(Beginning of Records)

(* Let $\varphi:\mathrm{WCQSym}\to\mathrm{QSym}$ be the $\mathbf k$-linear map with $\varphi(M_\alpha)=(-1)^{\ell_\varepsilon(\alpha)}M_{\bar\alpha}$ for $\alpha\in\mathcal C_N$ and $\varphi(M_\alpha)=0$ for $\alpha\in\mathcal C_\varepsilon$. Let $B_\varepsilon=\{M_\alpha:\alpha\in\mathcal C_\varepsilon\}$ and $B_N=\{M_\alpha+(-1)^{\ell_\varepsilon(\alpha)+1}M_{\bar\alpha}:\alpha\in\mathcal C_N\setminus\mathcal C(\mathbb N)\}$. Then the disjoint union $B_\varepsilon\uplus B_N$ is a basis of the free $\mathbf k$-module $\ker\varphi$.
   Context: $\mathbf{k}$ is a commutative ring containing $\mathbb{Q}$. $\tilde{\mathbb N}=\mathbb N\cup\{\varepsilon\}$ with $0+\varepsilon=\varepsilon+\varepsilon=\varepsilon$ and $n+\varepsilon=n$ for integers $n\ge1$. $\mathbf{k}[[X]]_{\tilde{\mathbb N}}$, $X=\{x_1<x_2<\cdots\}$, is the algebra of possibly infinite linear combinations of formal monomials $\prod x_i^{f(x_i)}$, $f$ finitely supported $\tilde{\mathbb N}$-valued, multiplied by adding exponents in $\tilde{\mathbb N}$. An $\tilde{\mathbb N}$-composition is a finite (possibly empty) sequence $\alpha=(\alpha_1,\dots,\alpha_k)$ of elements of $\{\varepsilon,1,2,\dots\}$; $M_\alpha=\sum_{1\le i_1<\cdots<i_k}x_{i_1}^{\alpha_1}\cdots x_{i_k}^{\alpha_k}$, $M_\emptyset=1$. $\mathrm{WCQSym}$ is the $\mathbf k$-span of the (linearly independent) $M_\alpha$. $\mathcal C(\mathbb N)$ is the set of $\tilde{\mathbb N}$-compositions all of whose entries are positive integers, and $\mathrm{QSym}$ is the span of $M_\alpha$, $\alpha\in\mathcal C(\mathbb N)$. $\ell_\varepsilon(\alpha)$ is the number of entries of $\alpha$ equal to $\varepsilon$; $\bar\alpha$ is $\alpha$ with its $\varepsilon$ entries deleted. $\mathcal C_\varepsilon$ is the set of $\tilde{\mathbb N}$-compositions with first entry $\varepsilon$; $\mathcal C_N$ is the set of all others (including the empty one). *)

theory Defs
  imports Main "HOL.Modules" "HOL-Library.Poly_Mapping"
begin

text \<open>Entries of an N-tilde-composition: the symbol epsilon, or a positive integer
  (represented by the type num of positive binary numerals).\<close>
datatype wentry = Eps | Pos num

type_synonym wcomp = "wentry list"

text \<open>Since the M_alpha are linearly independent, WCQSym is the free k-module with basis
  (M_alpha); we represent an element by its finitely supported coefficient function.\<close>
type_synonym 'k wcqsym = "wcomp \<Rightarrow>\<^sub>0 'k"

definition scaleW :: "'k::comm_ring_1 \<Rightarrow> 'k wcqsym \<Rightarrow> 'k wcqsym" where
  "scaleW c p = Poly_Mapping.map (\<lambda>x. c * x) p"

lemma lookup_scaleW: "Poly_Mapping.lookup (scaleW c p) a = c * Poly_Mapping.lookup p a"
  unfolding scaleW_def by (simp add: map.rep_eq when_def)

lemma module_scaleW: "module (scaleW :: 'k::comm_ring_1 \<Rightarrow> 'k wcqsym \<Rightarrow> 'k wcqsym)"
  by unfold_locales
     (auto intro!: poly_mapping_eqI simp: lookup_scaleW lookup_add algebra_simps)

definition M :: "wcomp \<Rightarrow> 'k::comm_ring_1 wcqsym" where
  "M \<alpha> = Poly_Mapping.single \<alpha> 1"

definition CN_nat :: "wcomp set" where
  "CN_nat = {\<alpha>. Eps \<notin> set \<alpha>}"

definition C_eps :: "wcomp set" where
  "C_eps = {\<alpha>. \<alpha> \<noteq> [] \<and> hd \<alpha> = Eps}"

definition C_N :: "wcomp set" where
  "C_N = - C_eps"

definition ell_eps :: "wcomp \<Rightarrow> nat" where
  "ell_eps \<alpha> = length (filter (\<lambda>x. x = Eps) \<alpha>)"

definition bar :: "wcomp \<Rightarrow> wcomp" where
  "bar \<alpha> = filter (\<lambda>x. x \<noteq> Eps) \<alpha>"

definition phiM :: "wcomp \<Rightarrow> 'k::comm_ring_1 wcqsym" where
  "phiM \<alpha> = (if \<alpha> \<in> C_eps then 0 else scaleW ((-1) ^ ell_eps \<alpha>) (M (bar \<alpha>)))"

definition phi :: "'k::comm_ring_1 wcqsym \<Rightarrow> 'k wcqsym" where
  "phi p = (\<Sum>\<alpha>\<in>Poly_Mapping.keys p. scaleW (Poly_Mapping.lookup p \<alpha>) (phiM \<alpha>))"

definition QSym :: "'k::comm_ring_1 wcqsym set" where
  "QSym = module.span scaleW (M ` CN_nat)"

definition bN :: "wcomp \<Rightarrow> 'k::comm_ring_1 wcqsym" where
  "bN \<alpha> = M \<alpha> + scaleW ((-1) ^ (ell_eps \<alpha> + 1)) (M (bar \<alpha>))"

definition B_eps :: "'k::comm_ring_1 wcqsym set" where
  "B_eps = M ` C_eps"

definition B_N :: "'k::comm_ring_1 wcqsym set" where
  "B_N = bN ` (C_N - CN_nat)"

end

theory Submission
  imports Defs
begin

text \<open>For a composition \<kappa> with an \<epsilon> entry let b(\<kappa>) be M(\<kappa>) if \<kappa> starts with \<epsilon>,
  and bN \<kappa> otherwise; these are exactly the elements of B_eps and B_N. Since bar \<kappa> has
  no \<epsilon> entry, the coordinates of b(\<kappa>) at compositions with an \<epsilon> entry are those of
  M(\<kappa>). This unitriangularity gives linear independence; and for p in the kernel of \<phi>,
  subtracting the sum of p(\<kappa>) b(\<kappa>) over such \<kappa> leaves an element of QSym in the kernel,
  which vanishes because \<phi> is the identity on QSym.\<close>

interpretation W: module "scaleW :: 'k::comm_ring_1 \<Rightarrow> 'k wcqsym \<Rightarrow> 'k wcqsym"
  by (rule module_scaleW)

lemma lookup_M: "Poly_Mapping.lookup (M \<gamma> :: 'k::comm_ring_1 wcqsym) \<kappa> = (if \<gamma> = \<kappa> then 1 else 0)"
  by (simp add: M_def lookup_single when_def)

lemma lookup_sum_scaleW_delta:
  fixes f :: "wcomp \<Rightarrow> 'k::comm_ring_1 wcqsym"
  assumes delta: "\<And>i. i \<in> A \<Longrightarrow> Poly_Mapping.lookup (f i) j = (if i = j then 1 else 0)"
    and "finite A"
  shows "Poly_Mapping.lookup (\<Sum>i\<in>A. scaleW (c i) (f i)) j = (if j \<in> A then c j else 0)"
  using assms by (simp add: lookup_sum lookup_scaleW if_distrib[of "\<lambda>x. _ * x"] cong: if_cong)

lemma inj_on_delta:
  fixes f :: "wcomp \<Rightarrow> 'k::comm_ring_1 wcqsym"
  assumes delta: "\<And>i j. i \<in> I \<Longrightarrow> j \<in> I \<Longrightarrow> Poly_Mapping.lookup (f i) j = (if i = j then 1 else 0)"
  shows "inj_on f I"
  by (rule inj_onI) (metis delta one_neq_zero)

lemma independent_image_delta:
  fixes f :: "wcomp \<Rightarrow> 'k::comm_ring_1 wcqsym"
  assumes delta: "\<And>i j. i \<in> I \<Longrightarrow> j \<in> I \<Longrightarrow> Poly_Mapping.lookup (f i) j = (if i = j then 1 else 0)"
  shows "W.independent (f ` I)"
proof (unfold W.independent_explicit_module, intro allI impI)
  fix t u v
  assume t: "finite t" "t \<subseteq> f ` I" and combination: "(\<Sum>v\<in>t. scaleW (u v) v) = 0" and "v \<in> t"
  obtain A where A: "A \<subseteq> I" "t = f ` A" "finite A"
    using t finite_subset_image by metis
  then obtain i where i: "i \<in> A" "v = f i" using \<open>v \<in> t\<close> by blast
  have inj: "inj_on f A" using inj_on_delta[OF delta] A(1) inj_on_subset by blast
  have "(\<Sum>j\<in>A. scaleW (u (f j)) (f j)) = 0"
    using combination A inj by (simp add: sum.reindex)
  then have "Poly_Mapping.lookup (\<Sum>j\<in>A. scaleW (u (f j)) (f j)) i = 0" by simp
  then show "u v = 0"
    using A i by (subst (asm) lookup_sum_scaleW_delta) (auto simp: delta subsetD)
qed

lemma keys_diff_sum_delta_disjoint:
  fixes f :: "wcomp \<Rightarrow> 'k::comm_ring_1 wcqsym"
  assumes delta: "\<And>i j. i \<in> I \<Longrightarrow> j \<in> I \<Longrightarrow> Poly_Mapping.lookup (f i) j = (if i = j then 1 else 0)"
  shows "Poly_Mapping.keys (p - (\<Sum>i\<in>Poly_Mapping.keys p \<inter> I. scaleW (Poly_Mapping.lookup p i) (f i))) \<inter> I = {}"
proof -
  have "Poly_Mapping.lookup (\<Sum>i\<in>Poly_Mapping.keys p \<inter> I. scaleW (Poly_Mapping.lookup p i) (f i)) j
      = Poly_Mapping.lookup p j" if "j \<in> I" for j
    using that by (subst lookup_sum_scaleW_delta) (auto simp: delta in_keys_iff)
  then show ?thesis by (auto simp: in_keys_iff lookup_minus)
qed

lemma sum_lookup_scaleW_M: "(\<Sum>\<alpha>\<in>Poly_Mapping.keys p. scaleW (Poly_Mapping.lookup p \<alpha>) (M \<alpha>)) = p"
  by (rule poly_mapping_eqI) (simp add: lookup_sum_scaleW_delta lookup_M in_keys_iff)

lemma phi_eq_sum_superset:
  assumes "finite A" "Poly_Mapping.keys p \<subseteq> A"
  shows "phi p = (\<Sum>\<alpha>\<in>A. scaleW (Poly_Mapping.lookup p \<alpha>) (phiM \<alpha>))"
  unfolding phi_def
  by (rule sum.mono_neutral_left) (use assms in \<open>auto simp: in_keys_iff\<close>)

lemma module_hom_phi: "module_hom scaleW scaleW (phi :: 'k::comm_ring_1 wcqsym \<Rightarrow> 'k wcqsym)"
proof (unfold module_hom_iff, intro conjI allI)
  fix p q :: "'k wcqsym"
  let ?A = "Poly_Mapping.keys p \<union> Poly_Mapping.keys q"
  have "phi (p + q) = (\<Sum>\<alpha>\<in>?A. scaleW (Poly_Mapping.lookup (p + q) \<alpha>) (phiM \<alpha>))"
    by (rule phi_eq_sum_superset) (auto simp: keys_add)
  then show "phi (p + q) = phi p + phi q"
    by (simp add: phi_eq_sum_superset[of ?A p] phi_eq_sum_superset[of ?A q] lookup_add
        W.scale_left_distrib sum.distrib)
next
  fix c :: 'k and p :: "'k wcqsym"
  have "phi (scaleW c p) = (\<Sum>\<alpha>\<in>Poly_Mapping.keys p. scaleW (Poly_Mapping.lookup (scaleW c p) \<alpha>) (phiM \<alpha>))"
    by (rule phi_eq_sum_superset) (auto simp: in_keys_iff lookup_scaleW)
  then show "phi (scaleW c p) = scaleW c (phi p)"
    by (simp add: phi_def W.scale_sum_right lookup_scaleW)
qed (fact module_scaleW)+

interpretation phi: module_hom "scaleW :: 'k::comm_ring_1 \<Rightarrow> 'k wcqsym \<Rightarrow> 'k wcqsym" scaleW phi
  by (rule module_hom_phi)

lemma phi_M: "phi (M \<gamma> :: 'k::comm_ring_1 wcqsym) = phiM \<gamma>"
  by (subst phi_eq_sum_superset[of "{\<gamma>}"]) (auto simp: M_def)

lemma bar_in_CN_nat: "bar \<alpha> \<in> CN_nat"
  by (simp add: bar_def CN_nat_def)

lemma C_eps_disjoint_CN_nat: "C_eps \<inter> CN_nat = {}"
  by (auto simp: C_eps_def CN_nat_def neq_Nil_conv)

lemma ell_eps_CN_nat: "\<alpha> \<in> CN_nat \<Longrightarrow> ell_eps \<alpha> = 0"
  by (auto simp: CN_nat_def ell_eps_def filter_empty_conv)

lemma bar_CN_nat: "\<alpha> \<in> CN_nat \<Longrightarrow> bar \<alpha> = \<alpha>"
  by (auto simp: CN_nat_def bar_def filter_id_conv)

lemma phiM_CN_nat: "\<alpha> \<in> CN_nat \<Longrightarrow> phiM \<alpha> = (M \<alpha> :: 'k::comm_ring_1 wcqsym)"
  using C_eps_disjoint_CN_nat by (auto simp: phiM_def ell_eps_CN_nat bar_CN_nat)

lemma phi_eq_self_if_keys_CN_nat:
  "Poly_Mapping.keys q \<subseteq> CN_nat \<Longrightarrow> phi q = (q :: 'k::comm_ring_1 wcqsym)"
  by (subst (2) sum_lookup_scaleW_M[symmetric])
     (auto simp: phi_def phiM_CN_nat intro!: sum.cong)

lemma phi_bN:
  assumes "\<alpha> \<in> C_N"
  shows "phi (bN \<alpha> :: 'k::comm_ring_1 wcqsym) = 0"
proof -
  let ?s = "(-1) ^ ell_eps \<alpha> :: 'k"
  have "phi (M \<alpha> :: 'k wcqsym) = scaleW ?s (M (bar \<alpha>))"
    using assms by (simp add: phi_M phiM_def C_N_def)
  moreover have "phi (M (bar \<alpha>) :: 'k wcqsym) = M (bar \<alpha>)"
    by (simp add: phi_M phiM_CN_nat bar_in_CN_nat)
  ultimately show ?thesis
    by (simp add: bN_def phi.diff phi.scale)
qed

definition ker_basis :: "wcomp \<Rightarrow> 'k::comm_ring_1 wcqsym" where
  "ker_basis \<kappa> = (if \<kappa> \<in> C_eps then M \<kappa> else bN \<kappa>)"

lemma lookup_ker_basis_off_CN_nat:
  assumes "\<kappa> \<notin> CN_nat" "\<xi> \<notin> CN_nat"
  shows "Poly_Mapping.lookup (ker_basis \<kappa> :: 'k::comm_ring_1 wcqsym) \<xi> = (if \<kappa> = \<xi> then 1 else 0)"
  using assms bar_in_CN_nat[of \<kappa>]
  by (auto simp: ker_basis_def bN_def lookup_add lookup_minus lookup_scaleW lookup_M)

lemma B_eps_eq_image_ker_basis: "B_eps = ker_basis ` C_eps"
  by (simp add: B_eps_def ker_basis_def)

lemma B_N_eq_image_ker_basis: "B_N = ker_basis ` (C_N - CN_nat)"
  by (auto simp: B_N_def ker_basis_def C_N_def)

lemma Compl_CN_nat_eq: "- CN_nat = C_eps \<union> (C_N - CN_nat)"
  using C_eps_disjoint_CN_nat by (auto simp: C_N_def)

lemma phi_ker_basis: "phi (ker_basis \<kappa> :: 'k::comm_ring_1 wcqsym) = 0"
  by (simp add: ker_basis_def phi_M phiM_def phi_bN C_N_def)

lemma span_ker_basis_subset_kernel:
  "W.span (ker_basis ` (- CN_nat)) \<subseteq> {p :: 'k::comm_ring_1 wcqsym. phi p = 0}"
  by (rule W.span_minimal) (auto simp: phi_ker_basis phi.subspace_kernel)

lemma span_ker_basis:
  "W.span (ker_basis ` (- CN_nat)) = {p :: 'k::comm_ring_1 wcqsym. phi p = 0}"
proof
  show "W.span (ker_basis ` (- CN_nat)) \<subseteq> {p :: 'k wcqsym. phi p = 0}"
    by (fact span_ker_basis_subset_kernel)
next
  show "{p :: 'k wcqsym. phi p = 0} \<subseteq> W.span (ker_basis ` (- CN_nat))"
  proof
    fix p :: "'k wcqsym"
    assume "p \<in> {p. phi p = 0}"
    then have "phi p = 0" by simp
    define s where "s = (\<Sum>\<kappa>\<in>Poly_Mapping.keys p \<inter> - CN_nat.
      scaleW (Poly_Mapping.lookup p \<kappa>) (ker_basis \<kappa> :: 'k wcqsym))"
    have s_span: "s \<in> W.span (ker_basis ` (- CN_nat))"
      unfolding s_def by (intro W.span_sum W.span_scale W.span_base) auto
    have "Poly_Mapping.keys (p - s) \<inter> - CN_nat = {}"
      unfolding s_def by (rule keys_diff_sum_delta_disjoint) (simp add: lookup_ker_basis_off_CN_nat)
    then have "Poly_Mapping.keys (p - s) \<subseteq> CN_nat"
      by blast
    then have "p - s = phi (p - s)"
      by (simp add: phi_eq_self_if_keys_CN_nat)
    also have "\<dots> = 0"
      using \<open>phi p = 0\<close> s_span span_ker_basis_subset_kernel
      by (auto simp: phi.diff)
    finally show "p \<in> W.span (ker_basis ` (- CN_nat))"
      using s_span by simp
  qed
qed

lemma inj_on_ker_basis: "inj_on (ker_basis :: wcomp \<Rightarrow> 'k::comm_ring_1 wcqsym) (- CN_nat)"
  by (rule inj_on_delta) (simp add: lookup_ker_basis_off_CN_nat)

lemma inj_on_M_C_eps: "inj_on (M :: wcomp \<Rightarrow> 'k::comm_ring_1 wcqsym) C_eps"
proof (rule inj_on_cong[THEN iffD1])
  show "inj_on (ker_basis :: wcomp \<Rightarrow> 'k wcqsym) C_eps"
    using inj_on_ker_basis by (rule inj_on_subset) (simp add: Compl_CN_nat_eq)
qed (simp add: ker_basis_def)

lemma inj_on_bN: "inj_on (bN :: wcomp \<Rightarrow> 'k::comm_ring_1 wcqsym) (C_N - CN_nat)"
proof (rule inj_on_cong[THEN iffD1])
  show "inj_on (ker_basis :: wcomp \<Rightarrow> 'k wcqsym) (C_N - CN_nat)"
    using inj_on_ker_basis by (rule inj_on_subset) (simp add: Compl_CN_nat_eq)
qed (simp add: ker_basis_def C_N_def)

lemma B_eps_Int_B_N: "(B_eps :: 'k::comm_ring_1 wcqsym set) \<inter> B_N = {}"
proof -
  have "C_eps \<inter> (C_N - CN_nat) = {}"
    by (auto simp: C_N_def)
  then show ?thesis
    using inj_on_image_Int[OF inj_on_ker_basis[where 'k = 'k], of C_eps "C_N - CN_nat"]
    by (simp add: B_eps_eq_image_ker_basis B_N_eq_image_ker_basis Compl_CN_nat_eq)
qed

lemma B_eps_Un_B_N: "B_eps \<union> B_N = (ker_basis ` (- CN_nat) :: 'k::comm_ring_1 wcqsym set)"
  by (simp add: B_eps_eq_image_ker_basis B_N_eq_image_ker_basis Compl_CN_nat_eq image_Un)

theorem theorem3p9:
  fixes dummy :: "'k::comm_ring_1"
  assumes Q_sub_k: "\<And>n::nat. n > 0 \<Longrightarrow> \<exists>r::'k. of_nat n * r = 1"
  shows "inj_on (M :: wcomp \<Rightarrow> 'k wcqsym) C_eps
       \<and> inj_on (bN :: wcomp \<Rightarrow> 'k wcqsym) (C_N - CN_nat)
       \<and> (B_eps :: 'k wcqsym set) \<inter> B_N = {}
       \<and> module.independent scaleW (B_eps \<union> (B_N :: 'k wcqsym set))
       \<and> module.span scaleW (B_eps \<union> (B_N :: 'k wcqsym set)) = {p. phi p = 0}"
  \<comment> \<open>The argument works over any commutative ring.\<close>
proof -
  have "W.independent (B_eps \<union> (B_N :: 'k wcqsym set))"
    unfolding B_eps_Un_B_N
    by (rule independent_image_delta) (simp add: lookup_ker_basis_off_CN_nat)
  then show ?thesis
    by (simp add: inj_on_M_C_eps inj_on_bN B_eps_Int_B_N B_eps_Un_B_N span_ker_basis)
qed

end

(End of Records)

> [The problem] From the data above, return every line from the line that has "proof (unfold module_hom_iff, intro" up to and including the line that has "by (simp add: phi_def", exactly.

> [Result for this exercise]
proof (unfold module_hom_iff, intro conjI allI)
  fix p q :: "'k wcqsym"
  let ?A = "Poly_Mapping.keys p \<union> Poly_Mapping.keys q"
  have "phi (p + q) = (\<Sum>\<alpha>\<in>?A. scaleW (Poly_Mapping.lookup (p + q) \<alpha>) (phiM \<alpha>))"
    by (rule phi_eq_sum_superset) (auto simp: keys_add)
  then show "phi (p + q) = phi p + phi q"
    by (simp add: phi_eq_sum_superset[of ?A p] phi_eq_sum_superset[of ?A q] lookup_add
        W.scale_left_distrib sum.distrib)
next
  fix c :: 'k and p :: "'k wcqsym"
  have "phi (scaleW c p) = (\<Sum>\<alpha>\<in>Poly_Mapping.keys p. scaleW (Poly_Mapping.lookup (scaleW c p) \<alpha>) (phiM \<alpha>))"
    by (rule phi_eq_sum_superset) (auto simp: in_keys_iff lookup_scaleW)
  then show "phi (scaleW c p) = scaleW c (phi p)"
    by (simp add: phi_def W.scale_sum_right lookup_scaleW)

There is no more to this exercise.